You have three registers. The rightmost third register is not entangled with the first or second register, neither at the beginning in $|1\rangle |x\rangle |0\rangle$ nor at the end in $|1\rangle |x\rangle |0\rangle + |0\rangle | y\rangle |0\rangle$. So we don't need to worry about it now. It could have been used at one time but it’s uncomputed here, so it’s unentangled in the setup of the question. It can be thrown away.

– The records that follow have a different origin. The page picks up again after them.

lemma regular_space_generated_by_seq_base:
  assumes Int_closed: "\<And>A B. A \<in> \<B> \<Longrightarrow> B \<in> \<B> \<Longrightarrow> A \<inter> B \<in> \<B>"
    and sub: "\<And>B. B \<in> \<B> \<Longrightarrow> B \<subseteq> T"
    and seq: "\<B> \<subseteq> P_seq (topology_generated_by (insert T \<B>)) \<B>"
  shows "regular_space (topology_generated_by (insert T \<B>))"
proof -
  define Y where "Y = topology_generated_by (insert T \<B>)"
  have top: "topspace Y = T"
    using sub by (auto simp: Y_def)
  have "\<exists>U V. openin Y U \<and> closedin Y V \<and> p \<in> U \<and> U \<subseteq> V \<and> V \<subseteq> W"
    if W: "openin Y W" "p \<in> W" for W p
  proof -
    obtain B where B: "B \<in> insert T \<B>" "p \<in> B \<and> B \<subseteq> W"
      using topology_generated_by_insert_base[OF Int_closed sub W[unfolded Y_def]] by (rule bexE)
    show ?thesis
    proof (cases "B = T")
      case True
      have "openin Y T" "closedin Y T"
        using openin_topspace[of Y] closedin_topspace[of Y] top by simp_all
      then show ?thesis
        using B(2) True by (intro exI[of _ T]) auto
    next
      case False
      with B(1) have "B \<in> \<B>"
        by simp
      with seq have "B \<in> P_seq Y \<B>"
        unfolding Y_def by blast
      then obtain u v where uv: "range u \<subseteq> \<B>" "range v \<subseteq> \<B>" "\<And>k. u k \<subseteq> T - v k"
          "\<And>k. T - v k \<subseteq> u (Suc k)" "(\<Union>n. u n) = B"
        unfolding P_seq_def top by blast
      obtain n where "p \<in> u n"
        using B(2) uv(5) by blast
      have "u n \<in> \<B>" "v n \<in> \<B>"
        using uv(1,2) by auto
      then have "openin Y (u n)" "openin Y (v n)"
        unfolding Y_def by (simp_all add: topology_generated_by_Basis)
      moreover have "closedin Y (T - v n)"
        using closedin_diff[OF closedin_topspace \<open>openin Y (v n)\<close>] top by simp
      moreover have "T - v n \<subseteq> W"
        using uv(4)[of n] uv(5) B(2) by blast
      ultimately show ?thesis
        using \<open>p \<in> u n\<close> uv(3)[of n] by (intro exI[of _ "u n"] exI[of _ "T - v n"]) auto
    qed
  qed
  then show ?thesis
    unfolding Y_def[symmetric] neighbourhood_base_of_closedin[symmetric] neighbourhood_base_of
    by blast
qed

lemma normal_space_generated_by_countable_seq_base:
  assumes "countable \<B>"
    and Int_closed: "\<And>A B. A \<in> \<B> \<Longrightarrow> B \<in> \<B> \<Longrightarrow> A \<inter> B \<in> \<B>"
    and sub: "\<And>B. B \<in> \<B> \<Longrightarrow> B \<subseteq> T"
    and seq: "\<B> \<subseteq> P_seq (topology_generated_by (insert T \<B>)) \<B>"
  shows "normal_space (topology_generated_by (insert T \<B>))"
proof (rule regular_Lindelof_imp_normal_space)
  show "regular_space (topology_generated_by (insert T \<B>))"
    using Int_closed sub seq by (rule regular_space_generated_by_seq_base)
  have "second_countable (topology_generated_by (insert T \<B>))"
    unfolding second_countable_def
  proof (intro exI conjI ballI allI impI)
    show "countable (insert T \<B>)"
      using assms(1) by simp
    show "openin (topology_generated_by (insert T \<B>)) V" if "V \<in> insert T \<B>" for V
      using that by (rule topology_generated_by_Basis)
    show "\<exists>V\<in>insert T \<B>. x \<in> V \<and> V \<subseteq> U"
      if "openin (topology_generated_by (insert T \<B>)) U \<and> x \<in> U" for U x
      using topology_generated_by_insert_base[OF Int_closed sub] that by blast
  qed
  then show "Lindelof_space (topology_generated_by (insert T \<B>))"
    by (rule second_countable_imp_Lindelof_space)
qed

lemma countable_seq_subfamily:
  assumes Int_closed: "\<And>A B. A \<in> \<B> \<Longrightarrow> B \<in> \<B> \<Longrightarrow> A \<inter> B \<in> \<B>"
    and sub: "\<And>B. B \<in> \<B> \<Longrightarrow> B \<subseteq> T"
    and seq: "\<B> \<subseteq> P_seq (topology_generated_by (insert T \<B>)) \<B>"
    and "B \<in> \<B>"
  obtains \<C> where "countable \<C>" "B \<in> \<C>" "\<C> \<subseteq> \<B>"
    "\<And>A A'. A \<in> \<C> \<Longrightarrow> A' \<in> \<C> \<Longrightarrow> A \<inter> A' \<in> \<C>" "\<C> \<subseteq> P_seq (topology_generated_by (insert T \<C>)) \<C>"
proof -
  have top: "topspace (topology_generated_by (insert T \<C>)) = T" if "\<C> \<subseteq> \<B>" for \<C>
    using that sub by auto
  have "\<forall>A\<in>\<B>. \<exists>u v. range u \<subseteq> \<B> \<and> range v \<subseteq> \<B> \<and>
      (\<forall>k. u k \<subseteq> T - v k \<and> T - v k \<subseteq> u (Suc k)) \<and> (\<Union>n. u n) = A"
    using seq unfolding P_seq_def top[OF order_refl] by blast
  then obtain inner outer where io: "\<And>A. A \<in> \<B> \<Longrightarrow>
      range (inner A) \<subseteq> \<B> \<and> range (outer A) \<subseteq> \<B> \<and>
      (\<forall>k. inner A k \<subseteq> T - outer A k \<and> T - outer A k \<subseteq> inner A (Suc k)) \<and> (\<Union>n. inner A n) = A"
    by metis
  obtain C where C: "countable C" "{B} \<subseteq> C" "\<And>A A'. A \<in> C \<Longrightarrow> A' \<in> C \<Longrightarrow> A \<inter> A' \<in> C"
      "\<And>A. A \<in> C \<Longrightarrow> range (inner A) \<union> range (outer A) \<subseteq> C"
    by (rule countable_closure[of "{B}" "\<lambda>A. range (inner A) \<union> range (outer A)" "(\<inter>)"]) auto
  show thesis
  proof (rule that[of "C \<inter> \<B>"])
    show "countable (C \<inter> \<B>)"
      using C(1) by (rule countable_subset[rotated]) blast
    show "B \<in> C \<inter> \<B>" "C \<inter> \<B> \<subseteq> \<B>"
      using C(2) assms(4) by auto
    show "A \<inter> A' \<in> C \<inter> \<B>" if "A \<in> C \<inter> \<B>" "A' \<in> C \<inter> \<B>" for A A'
      using C(3)[of A A'] Int_closed[of A A'] that by blast
    show "C \<inter> \<B> \<subseteq> P_seq (topology_generated_by (insert T (C \<inter> \<B>))) (C \<inter> \<B>)"
    proof
      fix A assume A: "A \<in> C \<inter> \<B>"
      then have "range (inner A) \<subseteq> C \<inter> \<B>" "range (outer A) \<subseteq> C \<inter> \<B>"
        using io[of A] C(4)[of A] by auto
      then show "A \<in> P_seq (topology_generated_by (insert T (C \<inter> \<B>))) (C \<inter> \<B>)"
        unfolding P_seq_def top[OF Int_lower2] using io[of A] A by blast
    qed
  qed
qed

lemma Urysohn_generated_by_seq_base:
  fixes \<B> :: "'a set set"
  assumes Int_closed: "\<And>A B. A \<in> \<B> \<Longrightarrow> B \<in> \<B> \<Longrightarrow> A \<inter> B \<in> \<B>"
    and sub: "\<And>B. B \<in> \<B> \<Longrightarrow> B \<subseteq> T"
    and seq: "\<B> \<subseteq> P_seq (topology_generated_by (insert T \<B>)) \<B>"
    and "B \<in> \<B>" "p \<in> B"
  obtains f :: "'a \<Rightarrow> real"
  where "continuous_map (topology_generated_by (insert T \<B>)) (top_of_set {0..1}) f"
    "f p = 0" "f ` (T - B) \<subseteq> {1}"
proof -
  obtain \<C> where \<C>: "countable \<C>" "B \<in> \<C>" "\<C> \<subseteq> \<B>"
      "\<And>A A'. A \<in> \<C> \<Longrightarrow> A' \<in> \<C> \<Longrightarrow> A \<inter> A' \<in> \<C>" "\<C> \<subseteq> P_seq (topology_generated_by (insert T \<C>)) \<C>"
    using countable_seq_subfamily[OF Int_closed sub seq \<open>B \<in> \<B>\<close>] by blast
  define Z where "Z = topology_generated_by (insert T \<C>)"
  have sub_\<C>: "A \<subseteq> T" if "A \<in> \<C>" for A
    using that \<C>(3) sub by blast
  have topZ: "topspace Z = T"
    using sub_\<C> by (auto simp: Z_def)
  have "normal_space Z"
    unfolding Z_def using \<C>(1) \<C>(4) sub_\<C> \<C>(5) by (rule normal_space_generated_by_countable_seq_base)
  have "B \<in> P_seq Z \<C>"
    using \<C>(5) \<C>(2) unfolding Z_def by (rule subsetD)
  then obtain u v where uv: "range u \<subseteq> \<C>" "range v \<subseteq> \<C>"
      "\<forall>k. u k \<subseteq> T - v k \<and> T - v k \<subseteq> u (Suc k)" "(\<Union>n. u n) = B"
    unfolding P_seq_def topZ by blast
  obtain n where "p \<in> u n"
    using \<open>p \<in> B\<close> uv(4) by blast
  have "v n \<in> \<C>"
    using uv(2) by auto
  then have "openin Z (v n)" "openin Z B"
    unfolding Z_def using \<C>(2) by (simp_all add: topology_generated_by_Basis)
  then have closed: "closedin Z (T - v n)" "closedin Z (T - B)"
    using closedin_diff[OF closedin_topspace[of Z]] topZ by simp_all
  have "T - v n \<subseteq> B"
    using uv(3,4) by blast
  then have disj: "disjnt (T - v n) (T - B)"
    by (auto simp: disjnt_def)
  obtain f :: "'a \<Rightarrow> real"
    where f: "continuous_map Z (top_of_set {0..1}) f" "f ` (T - v n) \<subseteq> {0}" "f ` (T - B) \<subseteq> {1}"
    by (rule Urysohn_lemma[where a = 0 and b = 1, OF \<open>normal_space Z\<close> closed disj zero_le_one])
  have "openin (topology_generated_by (insert T \<B>)) U" if "openin Z U" for U
    by (rule openin_topology_generated_by_mono[OF _ that[unfolded Z_def]]) (use \<C>(3) in blast)
  then have "continuous_map (topology_generated_by (insert T \<B>)) Z id"
    using topology_finer_continuous_id[of Z "topology_generated_by (insert T \<B>)"] topZ sub by auto
  then have "continuous_map (topology_generated_by (insert T \<B>)) (top_of_set {0..1}) f"
    using continuous_map_compose[OF _ f(1)] by (metis comp_id)
  moreover have "p \<in> T - v n"
    using \<open>p \<in> u n\<close> uv(3) by blast
  then have "f p = 0"
    using f(2) by blast
  ultimately show thesis
    using that f(3) by blast
qed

Turning to the second middle register, if $|x\rangle$ is unknown, with the setup of the question it is still preparable with a known circuit starting from a fiducial state. Call that process $U$. Call the process to prepare the second register into $|y\rangle$ $V$, again starting from the fiducial state. Importantly you can use the first register to control operation onto the second.
To entangle the first and second registers together, you'll need to (A) put the leftmost first register into a superposition such as $\frac{1}{\sqrt 2}(|0\rangle+|1\rangle)$, and (B) use this first register as a control to map the second register into $|x\rangle$ if the first register is $|1\rangle$ by running $U$, otherwise to $|y\rangle$ or $|0\rangle$ if the first register is $|0\rangle$ by running $V$.
You can put the first leftmost register into $\frac{1}{\sqrt 2}(|0\rangle+|1\rangle)$ by first negating it if it's in $|1\rangle$ and then doing a Hadamard gate afterwards.
You can do the controlled entangling operation with various controlled operations, such as one or more of CX, CY, CZ, or CCNOT (Toffoli).